Custom Goods Marketplace Makeably Rebrands As “Hatch,” Now Updates Pricing As You Go

Makeably , the New York-based, custom-made goods marketplace that closed on seed funding from Great Oaks, 500 Startups and others earlier this year is now relaunching under a new, easier-to-remember name: Hatch. Alongside the rebranding, the company has also evolved the process by which consumers tweak and "remix" the products offered for sale.
hatch

Makeably, the New York-based, custom-made goods marketplace that closed on seed funding from Great Oaks, 500 Startups and others earlier this year is now relaunching under a new, easier-to-remember name: Hatch. Alongside the rebranding, the company has also evolved the process by which consumers tweak and “remix” the products offered for sale.

The site, founded by ex-Googlers Ryan Hayward and Anastasia Leng, is similar to CustomMade in that it’s an attempt to connect everyday shoppers with artisans capable of producing custom goods.

But this summer, Hatch (then Makeably), made a slight shift to differentiate itself somewhat from its competitors. Leng explained that the majority of shoppers looking for custom items weren’t reaching out to artisans with detailed requests sprung out of their own minds, but were rather “remixing” existing products with small change requests. Around 90 percent were asking for minor adjustments – like changing the base material used in a product. For example, they might request a necklace in gold instead of silver. They may have also asked for slight changes to designs or sizes, among other things.

To encourage this culture of remixing, the company changed the site to better support user behavior. In a newly added side panel, customers were told to “Make it Yours” and could fill in a form where they selected the changes they wanted to request.

Today, Leng tells us Hatch is evolving things yet again. “Based on what we’ve learned from our buyers and makers, we’ve moved the customization process directly into the photograph,” she says.

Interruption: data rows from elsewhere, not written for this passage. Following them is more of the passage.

lemma split_by_sign_pattern:
  fixes P :: "(nat \<Rightarrow> int) \<Rightarrow> bool" and y :: "nat \<Rightarrow> int"
  assumes P_mod_2: "\<And>y y'. (\<forall>i<n. even (y i - y' i)) \<Longrightarrow> P y = P y'"
    and certificate: "split_certificate n P opts R S"
    and y: "(\<Sum>i<n. (y i)^2) = S" "P y"
  shows "\<exists>r. P r \<and> (\<Sum>i<n. (r i)^2) = R \<and> (\<Sum>i<n. (y i - r i)^2) = R"
proof -
  define p where "p = map (\<lambda>i. \<bar>y i\<bar>) [0..<n]"
  have p_nth: "p ! i = \<bar>y i\<bar>" if "i < n" for i
    using that by (simp add: p_def)
  have "P (\<lambda>i. p ! i)"
    using P_mod_2[of "\<lambda>i. p ! i" y] \<open>P y\<close> by (simp add: p_nth)
  then obtain m T where "(m, T) \<in> set opts" and mT: "2 * m * (\<Sum>i\<leftarrow>T. p ! i) = S"
    using certificate abs_in_sum_sq_lists[OF y(1)] by (fastforce simp: split_certificate_def p_def)
  then have T: "distinct T" "set T \<subseteq> {..<n}" "m^2 * int (length T) = R"
    and P_T: "P (\<lambda>i. if i \<in> set T then m else 0)"
    using certificate by (auto simp: split_certificate_def)
  \<comment> \<open>Signs do not change parities, so \<open>r\<close> still satisfies \<open>P\<close>, and \<open>2 * (y \<bullet> r) = S\<close>.\<close>
  define r where "r i = (if i \<in> set T then (if y i < 0 then - m else m) else 0)" for i
  have "P r"
    using P_mod_2[of r "\<lambda>i. if i \<in> set T then m else 0"] P_T by (simp add: r_def)
  moreover have "(\<Sum>i<n. (r i)^2) = R"
  proof -
    have "(\<Sum>i<n. (r i)^2) = (\<Sum>i\<in>set T. m^2)"
      using T by (intro sum.mono_neutral_cong_right) (auto simp: r_def)
    then show ?thesis
      using T by (simp add: distinct_card mult.commute)
  qed
  moreover have "2 * (\<Sum>i<n. y i * r i) = S"
  proof -
    have "(\<Sum>i<n. y i * r i) = (\<Sum>i\<in>set T. m * \<bar>y i\<bar>)"
      using T by (intro sum.mono_neutral_cong_right) (auto simp: r_def)
    also have "\<dots> = m * (\<Sum>i\<leftarrow>T. p ! i)"
      using T by (auto simp: sum_distrib_left p_nth sum_list_distinct_conv_sum_set intro!: sum.cong)
    finally show ?thesis
      using mT by simp
  qed
  ultimately show ?thesis
    using y(1) by (auto simp: sum_power2_diff)
qed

Users can now interact with hotspots over a product in order to make better decisions about how to modify it, and they’re presented with visuals about what some of their inputs would look like after doing so.

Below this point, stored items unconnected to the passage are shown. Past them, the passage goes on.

text \<open>L ! k ! j says whether the j-th argument position of the k-th defined
  operator is Leibniz.  nonleib L y e: the rigid variable y occurs (free)
  within a non-Leibniz argument position in e.\<close>
fun nonleib :: "bool list list \<Rightarrow> 'x \<Rightarrow> ('x, 'v, 'o) expr \<Rightarrow> bool" where
  "nonleib L y (RVar z) = False"
| "nonleib L y (FVar v) = False"
| "nonleib L y (Op p es) = (\<exists>e\<in>set es. nonleib L y e)"
| "nonleib L y (Eq a b) = (nonleib L y a \<or> nonleib L y b)"
| "nonleib L y FALSE = False"
| "nonleib L y (Imp a b) = (nonleib L y a \<or> nonleib L y b)"
| "nonleib L y (All z a) = (z \<noteq> y \<and> nonleib L y a)"
| "nonleib L y (Nabla a) = (y \<in> fv a)"
| "nonleib L y (Def k es) =
     ((\<exists>e\<in>set es. nonleib L y e) \<or>
      (\<exists>j < length es. y \<in> fv (es ! j) \<and> \<not> (k < length L \<and> j < length (L ! k) \<and> L ! k ! j)))"

definition leib_flags :: "('x, 'v, 'o) defn list \<Rightarrow> bool list list" where
  "leib_flags D = foldl (\<lambda>L d. L @ [map (\<lambda>p. \<not> nonleib L p (snd d)) (fst d)]) [] D"

definition leibniz :: "('x, 'v, 'o) defn list \<Rightarrow> nat \<Rightarrow> nat \<Rightarrow> bool" where
  "leibniz D k i = (k < length D \<and> i < length (fst (D ! k)) \<and> leib_flags D ! k ! i)"

record ('o, 'x, 'v, 'w, 'u) kmodel =
  interp :: "'o \<Rightarrow> 'u list \<Rightarrow> 'u"
  tt :: 'u
  ff :: 'u
  xi :: "'x \<Rightarrow> 'u"
  states :: "'w set"
  acc :: "('w \<times> 'w) set"
  zeta :: "'v \<Rightarrow> 'w \<Rightarrow> 'u"
  nab :: "'u set \<Rightarrow> 'u"

definition kripke_model :: "('o, 'x, 'v, 'w, 'u) kmodel \<Rightarrow> bool" where
  "kripke_model M = (tt M \<noteq> ff M \<and> states M \<noteq> {} \<and> acc M \<subseteq> states M \<times> states M \<and>
     (\<forall>S. nab M S = tt M \<longleftrightarrow> S \<subseteq> {tt M}))"

text \<open>Values of expressions without defined operators.\<close>
fun eval :: "('o, 'x, 'v, 'w, 'u) kmodel \<Rightarrow> 'w \<Rightarrow> ('x, 'v, 'o) expr \<Rightarrow> 'u" where
  "eval M w (RVar x) = xi M x"
| "eval M w (FVar v) = zeta M v w"
| "eval M w (Op p es) = interp M p (map (eval M w) es)"
| "eval M w (Eq a b) = (if eval M w a = eval M w b then tt M else ff M)"
| "eval M w FALSE = ff M"
| "eval M w (Imp a b) = (if eval M w a \<noteq> tt M \<or> eval M w b = tt M then tt M else ff M)"
| "eval M w (All x a) =
     (if (\<forall>u. eval (M\<lparr>xi := (xi M)(x := u)\<rparr>) w a = tt M) then tt M else ff M)"
| "eval M w (Nabla a) = nab M {eval M w' a | w'. (w, w') \<in> acc M}"
| "eval M w (Def k es) = undefined"

text \<open>Expansion of defined operators: d(e_1,...,e_n) is replaced by
  e[e_1/x_1,...,e_n/x_n] (with everything expanded).  U is the list of
  already expanded definitions.\<close>
fun expand :: "('x, 'v, 'o) defn list \<Rightarrow> ('x, 'v, 'o) expr \<Rightarrow> ('x, 'v, 'o) expr" where
  "expand U (RVar x) = RVar x"
| "expand U (FVar v) = FVar v"
| "expand U (Op p es) = Op p (map (expand U) es)"
| "expand U (Eq a b) = Eq (expand U a) (expand U b)"
| "expand U FALSE = FALSE"
| "expand U (Imp a b) = Imp (expand U a) (expand U b)"
| "expand U (All x a) = All x (expand U a)"
| "expand U (Nabla a) = Nabla (expand U a)"
| "expand U (Def k es) =
     (if k < length U then subst (snd (U ! k)) (mk_subst (fst (U ! k)) (map (expand U) es))
      else Def k (map (expand U) es))"

definition unfold_defs :: "('x, 'v, 'o) defn list \<Rightarrow> ('x, 'v, 'o) defn list" where
  "unfold_defs D = foldl (\<lambda>U d. U @ [(fst d, expand U (snd d))]) [] D"

definition sem :: "('o, 'x, 'v, 'w, 'u) kmodel \<Rightarrow> ('x, 'v, 'o) defn list \<Rightarrow> 'w \<Rightarrow> ('x, 'v, 'o) expr \<Rightarrow> 'u" where
  "sem M D w e = eval M w (expand (unfold_defs D) e)"

end

theory Submission
  imports Defs
begin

At present, users can select options from visual cues the makers themselves provide (like color or type of wood), they can choose from a drop down menu of options for things that don’t require visual cues (like size), or they can describe what they’d like (e.g. a message they’d like engraved), Leng explains. Soon, they’ll be able to drag their own hotspot over a product to better communicate to a maker what they’d like to personalize, too.

To do customization right, Leng thinks Hatch should make it easier for customers to understand what they can change, see what the change looks like, and immediately see the final pricing. “These are the principles that make your experience with a service like Moo, NikeID or event CustomInk a great one. But it’s not obvious how you visualize customization when you’re dealing with products that are made by a large number of individual artisans and makers around the world, as well as products that have never been created in the exact variation you want (but which easily could be),” she says.

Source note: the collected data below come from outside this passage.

definition algebraic_curvature_tensor :: "nat \<Rightarrow> (nat \<Rightarrow> nat \<Rightarrow> nat \<Rightarrow> nat \<Rightarrow> real) \<Rightarrow> bool" where
  "algebraic_curvature_tensor n R \<longleftrightarrow>
    (\<forall>i<n. \<forall>j<n. \<forall>k<n. \<forall>l<n.
       R i j k l = - R j i k l \<and> R i j k l = - R i j l k \<and> R i j k l = R k l i j \<and>
       R i j k l + R j k i l + R k i j l = 0)"

definition ricci :: "nat \<Rightarrow> (nat \<Rightarrow> nat \<Rightarrow> nat \<Rightarrow> nat \<Rightarrow> real) \<Rightarrow> nat \<Rightarrow> nat \<Rightarrow> real" where
  "ricci n R a b = (\<Sum>c<n. R c a c b)"

definition scal :: "nat \<Rightarrow> (nat \<Rightarrow> nat \<Rightarrow> nat \<Rightarrow> nat \<Rightarrow> real) \<Rightarrow> real" where
  "scal n R = (\<Sum>a<n. ricci n R a a)"

definition kron :: "nat \<Rightarrow> nat \<Rightarrow> real" where
  "kron a b = (if a = b then 1 else 0)"

definition kn_prod :: "(nat \<Rightarrow> nat \<Rightarrow> real) \<Rightarrow> (nat \<Rightarrow> nat \<Rightarrow> real) \<Rightarrow> nat \<Rightarrow> nat \<Rightarrow> nat \<Rightarrow> nat \<Rightarrow> real" where
  "kn_prod h k a b c d = h a c * k b d + h b d * k a c - h a d * k b c - h b c * k a d"

definition weyl :: "nat \<Rightarrow> (nat \<Rightarrow> nat \<Rightarrow> nat \<Rightarrow> nat \<Rightarrow> real) \<Rightarrow> nat \<Rightarrow> nat \<Rightarrow> nat \<Rightarrow> nat \<Rightarrow> real" where
  "weyl n R a b c d = R a b c d -
     kn_prod (\<lambda>i j. ricci n R i j - scal n R / (2 * (real n - 1)) * kron i j) kron a b c d
       / (real n - 2)"

text \<open>Bochner--Weitzenboeck curvature R_k acting on k-forms (so that
dd^* + d^*d = nabla^* nabla + R_k), in components:
(R_k w)_{a_1..a_k} = sum_s Ric_{a_s b} w_{..b..} - 2 sum_{s<t} R_{a_s b a_t c} w_{..b..c..}.\<close>
definition weitz :: "nat \<Rightarrow> (nat \<Rightarrow> nat \<Rightarrow> nat \<Rightarrow> nat \<Rightarrow> real) \<Rightarrow> nat \<Rightarrow>
    (nat list \<Rightarrow> real) \<Rightarrow> (nat list \<Rightarrow> real)" where
  "weitz n R k w = (\<lambda>xs. if xs \<in> idx_lists n k then
      (\<Sum>s<k. \<Sum>b<n. ricci n R (xs ! s) b * w (xs[s := b]))
      - 2 * (\<Sum>s<k. \<Sum>t\<in>{s<..<k}. \<Sum>b<n. \<Sum>c<n.
               R (xs ! s) b (xs ! t) c * w (xs[s := b, t := c]))
    else 0)"

text \<open>Action of the Weyl tensor on k-forms (the Weyl part of R_k); W^{+-} are its
restrictions to the (+-1)-eigenspaces of the Hodge star on middle-degree forms.\<close>
definition weyl_op :: "nat \<Rightarrow> (nat \<Rightarrow> nat \<Rightarrow> nat \<Rightarrow> nat \<Rightarrow> real) \<Rightarrow> nat \<Rightarrow>
    (nat list \<Rightarrow> real) \<Rightarrow> (nat list \<Rightarrow> real)" where
  "weyl_op n R k = weitz n (weyl n R) k"

text \<open>Orthogonal complex structure J on R^n, J e_a = sum_b J b a e_b.\<close>
definition orth_complex_structure :: "nat \<Rightarrow> (nat \<Rightarrow> nat \<Rightarrow> real) \<Rightarrow> bool" where
  "orth_complex_structure n J \<longleftrightarrow>
     (\<forall>a<n. \<forall>b<n. (\<Sum>c<n. J a c * J c b) = - kron a b) \<and>
     (\<forall>a<n. \<forall>b<n. (\<Sum>c<n. J c a * J c b) = kron a b)"

end

theory Submission
  imports Defs "HOL-Combinatorics.Multiset_Permutations"
begin

text \<open>Let k = n/2. For a basis k-form e^I put P = e^I + \<epsilon> *e^I and M = e^I - \<epsilon> *e^I, so
that *P = \<epsilon> P and *M = -\<epsilon> M. At a multi-index J sharing three slots with I, no curvature
term of the Weitzenboeck operator can turn J into a multi-index supported on the complement of
I, so the *e^I-parts of P and M are invisible there. Hence W^{-\<epsilon>} M = 0 forces the Weyl part
to vanish on e^I at J, and R_k P is the scalar Schouten contribution times e^I at J. Comparing
with R_{\<epsilon>} P = \<lambda> P - 2 u_I u at J = I and at J = I with its first index replaced by some b
outside I gives u_I^2 = u_J^2 and u_I u_J = 0; so u = 0 as soon as k \<ge> 4. Thus n = 4, and a
self-dual 2-form u on R^4, read as a skew matrix, squares to a negative multiple of the
identity.\<close>

section \<open>The Levi-Civita symbol\<close>

definition is_perm_list :: "nat \<Rightarrow> nat list \<Rightarrow> bool" where
  "is_perm_list n zs \<longleftrightarrow> length zs = n \<and> distinct zs \<and> set zs = {..<n}"

definition perm_of_list :: "nat \<Rightarrow> nat list \<Rightarrow> nat \<Rightarrow> nat" where
  "perm_of_list n zs = (\<lambda>i. if i < n then zs ! i else i)"

lemma perm_of_list_permutes:
  assumes "is_perm_list n zs" shows "perm_of_list n zs permutes {..<n}"
proof (rule bij_imp_permutes)
  have "bij_betw ((!) zs) {..<n} {..<n}"
    using assms unfolding is_perm_list_def by (intro bij_betw_nth) auto
  then show "bij_betw (perm_of_list n zs) {..<n} {..<n}"
    by (rule bij_betw_cong[THEN iffD1, rotated]) (auto simp: perm_of_list_def)
qed (auto simp: perm_of_list_def)

lemma levi_civita_eq:
  "levi_civita n zs = (if is_perm_list n zs then of_int (sign (perm_of_list n zs)) else 0)"
  unfolding levi_civita_def is_perm_list_def perm_of_list_def by simp

lemma levi_civita_eq_0: "\<not> is_perm_list n zs \<Longrightarrow> levi_civita n zs = 0"
  by (simp add: levi_civita_eq)

lemma levi_civita_square: "is_perm_list n zs \<Longrightarrow> levi_civita n zs * levi_civita n zs = 1"
  by (simp add: levi_civita_eq sign_def)

lemma levi_civita_swap:
  assumes i: "i < length zs" and j: "j < length zs" and ij: "i \<noteq> j"
  shows "levi_civita n (zs[i := zs ! j, j := zs ! i]) = - levi_civita n zs"
proof (cases "is_perm_list n zs")
  case True
  let ?z = "zs[i := zs ! j, j := zs ! i]"
  have perm: "is_perm_list n ?z"
    using True i j unfolding is_perm_list_def by (simp add: distinct_swap set_swap)
  have "perm_of_list n ?z = perm_of_list n zs \<circ> Transposition.transpose i j"
  proof
    fix x show "perm_of_list n ?z x = (perm_of_list n zs \<circ> Transposition.transpose i j) x"
      using True i j unfolding perm_of_list_def is_perm_list_def
      by (auto simp: nth_list_update transpose_def)
  qed
  then have "sign (perm_of_list n ?z) = - sign (perm_of_list n zs)"
    using permutes_imp_permutation[OF finite_lessThan perm_of_list_permutes[OF True]]
    by (simp add: sign_compose permutation_swap_id sign_swap_id ij)
  then show ?thesis using perm True by (simp add: levi_civita_eq)
next
  case False
  then have "\<not> is_perm_list n (zs[i := zs ! j, j := zs ! i])"
    using i j unfolding is_perm_list_def by (simp add: distinct_swap set_swap)
  then show ?thesis using False by (simp add: levi_civita_eq_0)
qed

In early tests, the company found user feedback about the new process to be positive. “We kept hearing users describe their behavior as not one of buying, but that of designing and creating,” says Leng. (You can try it here with customizing these 3D letters or these wooden coasters.)

Today, Hatch offers 1,500 live products on its site, on average around two to three per maker, and the average price point has stabilized at $112, which Leng also notes is six times higher than Etsy’s. Eighty-five percent of makers have had at least one inquiry, 40 percent have made one sale or more, and 60 percent are full-time makers not hobbyists.

Meanwhile, on the buyers’ side, 30 percent are repeats, and 98 percent of those make their second purchases from a different category than their first. Since May, Hatch has grown 30 percent month-over-month in new makers and products, and has doubled its user base. The company doesn’t disclose users or revenue, but says that all orders today have come through organic search or referral traffic.

And now that the team is comfortable and has made the sell side of the business work, they’re going to focus on building up the demand side in the months ahead.

However, the question here is whether the maker movement and the market for those in search of custom goods online is large enough today to keep sites like Hatch afloat for as long as it would need to see this thing through. It’s also interesting that they compare themselves to Etsy, a much larger maker marketplace which recently went through growing pains of its own, despite achieving profitability back in 2009. Hatch may have successfully market-tested how custom goods sales can work online, but there’s nothing stopping a larger player from implementing similar technology of their own (or even acquiring Hatch if the startup runs out of runway, perhaps).

In other news, Hatch was previously working out of a maker co-working space in Brooklyn called 3rd Ward, which shut down earlier this month, after giving Hatch less than a week to find a new home. They’ve now put an offer down on a space in Chelsea, which would bring them into Manhattan.